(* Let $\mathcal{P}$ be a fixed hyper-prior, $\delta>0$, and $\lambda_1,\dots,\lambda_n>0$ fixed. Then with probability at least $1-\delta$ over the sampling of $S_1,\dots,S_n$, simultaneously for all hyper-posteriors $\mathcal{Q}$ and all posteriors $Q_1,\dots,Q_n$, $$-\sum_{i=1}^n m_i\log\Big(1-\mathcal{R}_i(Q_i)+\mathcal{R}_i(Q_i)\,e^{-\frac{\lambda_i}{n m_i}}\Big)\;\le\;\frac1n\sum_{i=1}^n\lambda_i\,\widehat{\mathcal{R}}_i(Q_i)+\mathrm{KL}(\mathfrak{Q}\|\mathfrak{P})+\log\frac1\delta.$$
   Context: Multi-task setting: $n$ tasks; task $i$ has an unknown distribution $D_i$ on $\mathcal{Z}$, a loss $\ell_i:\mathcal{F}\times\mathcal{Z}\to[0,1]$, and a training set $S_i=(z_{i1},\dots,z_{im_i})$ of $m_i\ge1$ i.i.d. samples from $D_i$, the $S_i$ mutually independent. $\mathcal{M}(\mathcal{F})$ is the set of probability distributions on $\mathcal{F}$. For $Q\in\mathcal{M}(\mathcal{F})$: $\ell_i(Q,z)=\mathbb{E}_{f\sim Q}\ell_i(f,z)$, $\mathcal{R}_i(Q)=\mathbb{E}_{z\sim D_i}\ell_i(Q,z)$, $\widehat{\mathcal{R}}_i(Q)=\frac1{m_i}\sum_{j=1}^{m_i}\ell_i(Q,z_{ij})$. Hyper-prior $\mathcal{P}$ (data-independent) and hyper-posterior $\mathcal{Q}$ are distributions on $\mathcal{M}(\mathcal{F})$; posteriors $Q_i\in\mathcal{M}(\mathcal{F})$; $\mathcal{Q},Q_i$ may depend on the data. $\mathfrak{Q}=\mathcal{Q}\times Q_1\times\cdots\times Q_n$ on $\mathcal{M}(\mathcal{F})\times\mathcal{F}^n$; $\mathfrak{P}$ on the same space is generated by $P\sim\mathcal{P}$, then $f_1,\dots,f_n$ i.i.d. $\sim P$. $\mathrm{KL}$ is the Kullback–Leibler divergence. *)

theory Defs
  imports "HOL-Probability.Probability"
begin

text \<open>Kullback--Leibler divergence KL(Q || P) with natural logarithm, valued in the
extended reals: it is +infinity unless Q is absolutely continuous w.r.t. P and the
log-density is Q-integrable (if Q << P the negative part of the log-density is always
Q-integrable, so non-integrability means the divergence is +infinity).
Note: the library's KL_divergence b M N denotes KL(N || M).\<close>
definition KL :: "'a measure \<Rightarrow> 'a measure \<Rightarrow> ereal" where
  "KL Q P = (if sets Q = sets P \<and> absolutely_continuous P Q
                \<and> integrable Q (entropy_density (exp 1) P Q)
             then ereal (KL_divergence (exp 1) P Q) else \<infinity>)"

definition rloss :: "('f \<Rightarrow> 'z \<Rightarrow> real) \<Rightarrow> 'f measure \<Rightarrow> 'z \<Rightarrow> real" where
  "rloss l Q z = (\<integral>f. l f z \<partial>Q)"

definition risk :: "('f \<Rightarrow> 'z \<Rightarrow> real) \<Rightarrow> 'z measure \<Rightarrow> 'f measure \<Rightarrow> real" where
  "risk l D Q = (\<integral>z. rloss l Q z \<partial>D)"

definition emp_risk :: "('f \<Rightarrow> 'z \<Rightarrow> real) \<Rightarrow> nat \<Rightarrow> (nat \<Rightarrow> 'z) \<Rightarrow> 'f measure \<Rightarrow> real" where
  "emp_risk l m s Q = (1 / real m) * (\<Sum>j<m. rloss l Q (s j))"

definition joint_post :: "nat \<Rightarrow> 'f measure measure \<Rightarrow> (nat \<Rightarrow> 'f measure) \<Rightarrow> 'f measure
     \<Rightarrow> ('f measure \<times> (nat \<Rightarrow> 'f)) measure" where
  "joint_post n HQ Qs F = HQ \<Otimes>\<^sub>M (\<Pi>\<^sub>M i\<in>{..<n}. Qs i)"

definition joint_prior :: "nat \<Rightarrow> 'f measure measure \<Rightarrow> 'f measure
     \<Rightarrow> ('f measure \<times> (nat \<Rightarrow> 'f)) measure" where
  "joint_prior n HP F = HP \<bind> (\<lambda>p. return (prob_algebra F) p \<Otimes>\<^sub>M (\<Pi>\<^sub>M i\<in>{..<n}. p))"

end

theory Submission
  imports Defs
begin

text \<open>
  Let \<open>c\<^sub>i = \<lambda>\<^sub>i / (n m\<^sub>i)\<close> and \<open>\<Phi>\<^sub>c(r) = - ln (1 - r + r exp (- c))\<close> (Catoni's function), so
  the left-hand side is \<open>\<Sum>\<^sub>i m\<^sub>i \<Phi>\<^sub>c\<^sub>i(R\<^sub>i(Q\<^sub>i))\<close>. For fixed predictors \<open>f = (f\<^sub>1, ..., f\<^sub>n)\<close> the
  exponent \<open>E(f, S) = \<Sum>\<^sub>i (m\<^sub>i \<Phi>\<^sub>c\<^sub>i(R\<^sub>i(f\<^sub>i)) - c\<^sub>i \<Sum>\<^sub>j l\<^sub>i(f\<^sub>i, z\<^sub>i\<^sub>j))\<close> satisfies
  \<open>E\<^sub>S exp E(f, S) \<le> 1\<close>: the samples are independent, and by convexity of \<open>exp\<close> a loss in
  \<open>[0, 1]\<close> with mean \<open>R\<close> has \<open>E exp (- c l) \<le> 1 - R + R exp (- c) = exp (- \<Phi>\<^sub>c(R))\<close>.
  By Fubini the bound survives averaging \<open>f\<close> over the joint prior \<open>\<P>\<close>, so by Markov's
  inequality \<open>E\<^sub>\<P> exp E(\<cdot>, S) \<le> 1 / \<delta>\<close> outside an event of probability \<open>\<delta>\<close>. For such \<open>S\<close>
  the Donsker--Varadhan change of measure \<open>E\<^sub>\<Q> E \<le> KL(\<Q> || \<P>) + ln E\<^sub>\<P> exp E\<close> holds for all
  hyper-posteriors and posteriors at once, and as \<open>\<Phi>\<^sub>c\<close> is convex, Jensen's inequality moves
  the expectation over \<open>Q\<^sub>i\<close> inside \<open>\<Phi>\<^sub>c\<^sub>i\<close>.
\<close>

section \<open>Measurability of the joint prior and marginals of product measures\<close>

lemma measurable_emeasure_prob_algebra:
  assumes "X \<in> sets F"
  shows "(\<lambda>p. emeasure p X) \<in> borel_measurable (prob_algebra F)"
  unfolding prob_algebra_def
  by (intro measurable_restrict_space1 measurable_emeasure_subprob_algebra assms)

= = = = = = =

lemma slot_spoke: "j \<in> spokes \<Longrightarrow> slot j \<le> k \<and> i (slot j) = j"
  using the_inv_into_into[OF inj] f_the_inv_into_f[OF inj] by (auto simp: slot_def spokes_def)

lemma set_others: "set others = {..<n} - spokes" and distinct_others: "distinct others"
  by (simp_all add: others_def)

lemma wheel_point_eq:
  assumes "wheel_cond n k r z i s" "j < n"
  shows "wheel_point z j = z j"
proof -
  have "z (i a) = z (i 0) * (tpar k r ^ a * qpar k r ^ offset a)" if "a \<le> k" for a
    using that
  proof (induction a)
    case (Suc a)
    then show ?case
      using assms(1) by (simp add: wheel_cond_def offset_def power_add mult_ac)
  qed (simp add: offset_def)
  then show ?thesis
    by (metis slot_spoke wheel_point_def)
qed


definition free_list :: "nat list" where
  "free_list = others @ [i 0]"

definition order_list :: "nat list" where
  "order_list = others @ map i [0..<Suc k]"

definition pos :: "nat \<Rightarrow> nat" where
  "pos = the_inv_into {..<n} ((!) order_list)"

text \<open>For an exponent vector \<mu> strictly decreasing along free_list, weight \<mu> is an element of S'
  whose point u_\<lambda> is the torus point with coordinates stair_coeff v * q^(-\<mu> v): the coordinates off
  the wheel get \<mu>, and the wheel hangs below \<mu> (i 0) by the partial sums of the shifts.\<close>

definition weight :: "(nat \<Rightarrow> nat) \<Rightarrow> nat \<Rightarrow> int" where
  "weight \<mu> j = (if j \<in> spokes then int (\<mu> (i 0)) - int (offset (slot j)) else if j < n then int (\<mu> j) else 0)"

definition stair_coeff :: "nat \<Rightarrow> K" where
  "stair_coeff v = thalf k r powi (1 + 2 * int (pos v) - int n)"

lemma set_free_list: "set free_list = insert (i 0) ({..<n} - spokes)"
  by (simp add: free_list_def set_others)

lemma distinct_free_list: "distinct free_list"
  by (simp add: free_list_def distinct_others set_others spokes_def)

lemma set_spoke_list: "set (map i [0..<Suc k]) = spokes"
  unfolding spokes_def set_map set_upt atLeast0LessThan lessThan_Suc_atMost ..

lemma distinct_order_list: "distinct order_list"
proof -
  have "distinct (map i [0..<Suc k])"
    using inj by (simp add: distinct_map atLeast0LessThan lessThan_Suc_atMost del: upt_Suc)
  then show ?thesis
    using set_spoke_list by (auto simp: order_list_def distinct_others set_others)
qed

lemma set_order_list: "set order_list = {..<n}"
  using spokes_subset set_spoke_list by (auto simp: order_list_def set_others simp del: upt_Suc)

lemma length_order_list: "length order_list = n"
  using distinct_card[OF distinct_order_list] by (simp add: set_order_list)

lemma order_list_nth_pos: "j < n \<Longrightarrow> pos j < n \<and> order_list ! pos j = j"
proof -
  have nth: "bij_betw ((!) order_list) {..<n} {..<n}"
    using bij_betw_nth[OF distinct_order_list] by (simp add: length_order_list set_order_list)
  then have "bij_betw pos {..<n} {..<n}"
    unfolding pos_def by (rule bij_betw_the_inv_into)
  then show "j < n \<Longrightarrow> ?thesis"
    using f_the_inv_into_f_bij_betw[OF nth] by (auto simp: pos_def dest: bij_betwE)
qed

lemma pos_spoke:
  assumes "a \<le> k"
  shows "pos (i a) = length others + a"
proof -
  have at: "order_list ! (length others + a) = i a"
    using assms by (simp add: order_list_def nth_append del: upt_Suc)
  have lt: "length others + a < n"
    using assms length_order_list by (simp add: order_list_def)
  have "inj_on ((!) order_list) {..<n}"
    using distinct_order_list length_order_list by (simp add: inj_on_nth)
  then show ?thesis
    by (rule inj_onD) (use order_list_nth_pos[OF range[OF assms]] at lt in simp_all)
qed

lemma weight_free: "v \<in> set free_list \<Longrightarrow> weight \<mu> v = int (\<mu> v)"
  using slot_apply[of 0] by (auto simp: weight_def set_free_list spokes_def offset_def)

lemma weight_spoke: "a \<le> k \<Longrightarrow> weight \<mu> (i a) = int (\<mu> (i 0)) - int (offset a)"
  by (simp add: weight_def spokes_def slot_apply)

= = = = = = =

→ **Brief**:
Select the lines in this material that hold the word "Longrightarrow", leaving none out.

→ **Response below**:
lemma slot_spoke: "j \<in> spokes \<Longrightarrow> slot j \<le> k \<and> i (slot j) = j"
lemma order_list_nth_pos: "j < n \<Longrightarrow> pos j < n \<and> order_list ! pos j = j"
  then show "j < n \<Longrightarrow> ?thesis"
lemma weight_free: "v \<in> set free_list \<Longrightarrow> weight \<mu> v = int (\<mu> v)"
lemma weight_spoke: "a \<le> k \<Longrightarrow> weight \<mu> (i a) = int (\<mu> (i 0)) - int (offset a)"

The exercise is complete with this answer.